The recent buzz around gold and other precious metals has caused many people to sell their scrap jewelry and has given rise to a host of different gold peddlers, all vying for a piece of the recently renewed gold market. This gold bull market may well last a few more years, given that the global economic recession still hasn’t been sufficiently reversed to create many more jobs. But according to Jeff Christian, founder of the CPM Group, energy demands will far outpace supply as soon as an economic recovery is underway. With this in mind, savvy investors should be looking to energy stocks and related commodities as excellent potential long plays once the recovery begins to slowly make its way to the global stage.
In his presentation entitled "A Whole Lot of Gold and Not Enough Energy", Mr. Christian argues a couple of main points. First, he shows that central banks have gone for being net sellers of gold to net buyers, all in the span of about 10 years. This has coincided with an increased demand for gold as an investment vehicle as well as an increase in price. Mr. Christian sees this price increase as relatively sustainable, and an indicator that we are still well into a gold bull market, but he warns that gold may consolidate back to the $700-$900 level over the next few years before it really rises again significantly. This drop could be delayed if the recovery is delayed, or it could be exacerbated by a flight from gold to other equities if the economies of the world begin to heat up in the very near future.
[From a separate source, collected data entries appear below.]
lemma label_length_bound:
  fixes L :: real
  assumes "1 \<le> d" "1 \<le> h" "1 \<le> L" "real k < L + 1"
  shows "real (1 + h * ((d + 1) * (4 * k + 4))) \<le> 25 * real d * real h * L"
proof -
  have "(real d + 1) * (4 * real k + 4) \<le> (2 * real d) * (12 * L)"
    using assms by (intro mult_mono) auto
  then have "real h * ((real d + 1) * (4 * real k + 4)) \<le> real h * ((2 * real d) * (12 * L))"
    by (rule mult_left_mono) simp
  then have "real h * ((real d + 1) * (4 * real k + 4)) \<le> 24 * real d * real h * L"
    by (simp add: algebra_simps)
  moreover have "1 \<le> real d * real h * L"
    using assms by (simp add: mult_ge1_I)
  moreover have "real (1 + h * ((d + 1) * (4 * k + 4))) = 1 + real h * ((real d + 1) * (4 * real k + 4))"
    by (simp add: algebra_simps)
  ultimately show ?thesis
    by linarith
qed

definition label_decoder :: "bool list \<Rightarrow> bool list \<Rightarrow> bool" where
  "label_decoder x y = decode (inv enc_label x) (inv enc_label y)"

lemma label_decoder_enc_label: "label_decoder (enc_label L) (enc_label L') \<longleftrightarrow> decode L L'"
  by (simp add: label_decoder_def inj_enc_label inv_f_f)

lemma has_signed_tree_model_labels:
  assumes d: "1 \<le> d" and h: "1 \<le> h" and n: "2 \<le> card V"
    and "has_signed_tree_model d h V E"
  shows "\<exists>lab. (\<forall>v\<in>V. real (length (lab v)) \<le> 25 * real d * real h * log 2 (real (card V)))
    \<and> (\<forall>u\<in>V. \<forall>v\<in>V. u \<noteq> v \<longrightarrow> (label_decoder (lab u) (lab v) \<longleftrightarrow> E u v))"
proof -
  obtain T A B \<phi> where model: "signed_tree_model T A B" and width: "width_at_most T A B d"
    and depth: "depth_at_most T h" and \<phi>: "bij_betw \<phi> V (leaves T)"
    and adj: "\<forall>u\<in>V. \<forall>v\<in>V. u \<noteq> v \<longrightarrow> (E u v \<longleftrightarrow> model_adj A B (\<phi> u) (\<phi> v))"
    using assms(4) unfolding has_signed_tree_model_def by blast
  obtain k where k: "card V \<le> 2 ^ k" "real k < log 2 (real (card V)) + 1"
    using exists_pow2_cover n by (metis one_le_numeral order_trans)
  have "card (leaves T) \<le> 2 ^ k"
    using k(1) bij_betw_same_card[OF \<phi>] by simp
  then obtain lab where len: "\<And>u. u \<in> T \<Longrightarrow> length (enc_label (lab u)) \<le> 1 + h * ((d + 1) * (4 * k + 4))"
    and dec: "\<And>u v. u \<in> T \<Longrightarrow> v \<in> T \<Longrightarrow> decode (lab u) (lab v) \<longleftrightarrow> model_adj A B u v"
    using signed_tree_model_labels[OF model width depth] by blast
  have leaf: "\<phi> v \<in> T" if "v \<in> V" for v
    using bij_betw_apply[OF \<phi> that] unfolding leaves_def by blast
  have log_n: "1 \<le> log 2 (real (card V))"
    using n by simp
  have "real (length (enc_label (lab (\<phi> v)))) \<le> 25 * real d * real h * log 2 (real (card V))"
    if "v \<in> V" for v
    using len[OF leaf[OF that]]
    by (intro order.trans[OF _ label_length_bound[OF d h log_n k(2)]]) (simp only: of_nat_le_iff)
  moreover have "label_decoder (enc_label (lab (\<phi> u))) (enc_label (lab (\<phi> v))) \<longleftrightarrow> E u v"
    if "u \<in> V" "v \<in> V" "u \<noteq> v" for u v
    using that dec[OF leaf leaf] adj by (simp add: label_decoder_enc_label)
  ultimately show ?thesis
    by (intro exI[of _ "\<lambda>v. enc_label (lab (\<phi> v))"]) blast
qed

theorem proposition4p1:
  "\<exists>C::real. C > 0 \<and> (\<forall>d h :: nat. d \<ge> 1 \<longrightarrow> h \<ge> 1 \<longrightarrow>
     labeling_scheme (has_signed_tree_model d h)
       (\<lambda>n. C * real d * real h * log 2 (real n)))"
proof (intro exI[of _ 25] conjI allI impI)
  fix d h :: nat assume "1 \<le> d" "1 \<le> h"
  then show "labeling_scheme (has_signed_tree_model d h) (\<lambda>n. 25 * real d * real h * log 2 (real n))"
    unfolding labeling_scheme_def
    by (intro exI[of _ label_decoder] allI impI has_signed_tree_model_labels)
qed simp

end
(* Let $X$ be a complete CAT(1) space with $\mathrm{Diam}(X)<\pi/2$. Then every vicinal mapping $T\colon X\to X$ has a fixed point.
   Context: A CAT(1) space is a $\pi$-geodesic metric space in which every geodesic triangle of perimeter $<2\pi$ satisfies the CAT(1) comparison inequality relative to comparison triangles in the unit sphere $\mathbb S^2$. With $C_z=\cos d(Tz,z)$, $T$ is vicinal if for all $x,y\in X$: $\bigl(C_x^2(1+C_y^2)+C_y^2(1+C_x^2)\bigr)\cos d(Tx,Ty)\ge C_x^2(1+C_y^2)\cos d(Tx,y)+C_y^2(1+C_x^2)\cos d(Ty,x)$. *)

theory Defs
  imports "HOL-Analysis.Analysis"
begin

definition S2 :: "(real^3) set" where
  "S2 = sphere 0 1"

definition sdist :: "real^3 \<Rightarrow> real^3 \<Rightarrow> real" where
  "sdist u v = arccos (u \<bullet> v)"

definition geodesic_seg :: "(real \<Rightarrow> 'a::metric_space) \<Rightarrow> 'a \<Rightarrow> 'a \<Rightarrow> bool" where
  "geodesic_seg g x y \<longleftrightarrow> g 0 = x \<and> g (dist x y) = y \<and>
     (\<forall>s\<in>{0..dist x y}. \<forall>t\<in>{0..dist x y}. dist (g s) (g t) = \<bar>s - t\<bar>)"

definition pi_geodesic :: "'a::metric_space itself \<Rightarrow> bool" where
  "pi_geodesic _ \<longleftrightarrow> (\<forall>x y::'a. dist x y < pi \<longrightarrow> (\<exists>g. geodesic_seg g x y))"

text \<open>p is the point g s on the side g (from x to y) of the triangle, and p' is its
  comparison point on the side [x',y'] of the comparison triangle in S^2.\<close>

definition side_pt :: "(real \<Rightarrow> 'a::metric_space) \<Rightarrow> 'a \<Rightarrow> 'a \<Rightarrow> real^3 \<Rightarrow> real^3
    \<Rightarrow> 'a \<Rightarrow> real^3 \<Rightarrow> bool" where
  "side_pt g x y x' y' p p' \<longleftrightarrow>
     (\<exists>s\<in>{0..dist x y}. p = g s \<and> p' \<in> S2 \<and> sdist x' p' = s \<and> sdist p' y' = dist x y - s)"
His second main point is that the world’s energy supply, as it currently exists, is just sufficient to cover the current demand. But if you factor in an economic recovery, especially in developing nations that rely primarily on coal and oil for power, the supply will not be able to cover the demand. This could occur as soon as a modest recovery begins or it could be another decade before the whip cracks and the global supply of energy is strained against the global economic growth and demand for power. While this may not be readily apparent to many people, the concept is relatively simple. Given the fact that global demand for energy will be ever-increasing as the global population doubles in the next 30 years, it is hard to imagine a scenario where energy consumption will not outpace energy production.
The conclusion of Mr. Christian’s analysis is that gold and energy are still excellent plays for investors, but energy will be a huge focus going into the economic recovery. Gold will likely remain at high levels and will likely appreciate should the global economy not recover as quickly as predicted or even during a second recession. Oil and natural gas however, will remain the focus of the recovery and the commodities in this sector will remain the commodities de jour. This is excellent news for gold bulls, but it is a warning that while consumption levels are not easily seen currently, once a recovery is under way, it may be very hard to provide adequate resources for the Earth’s ever-increasing population base.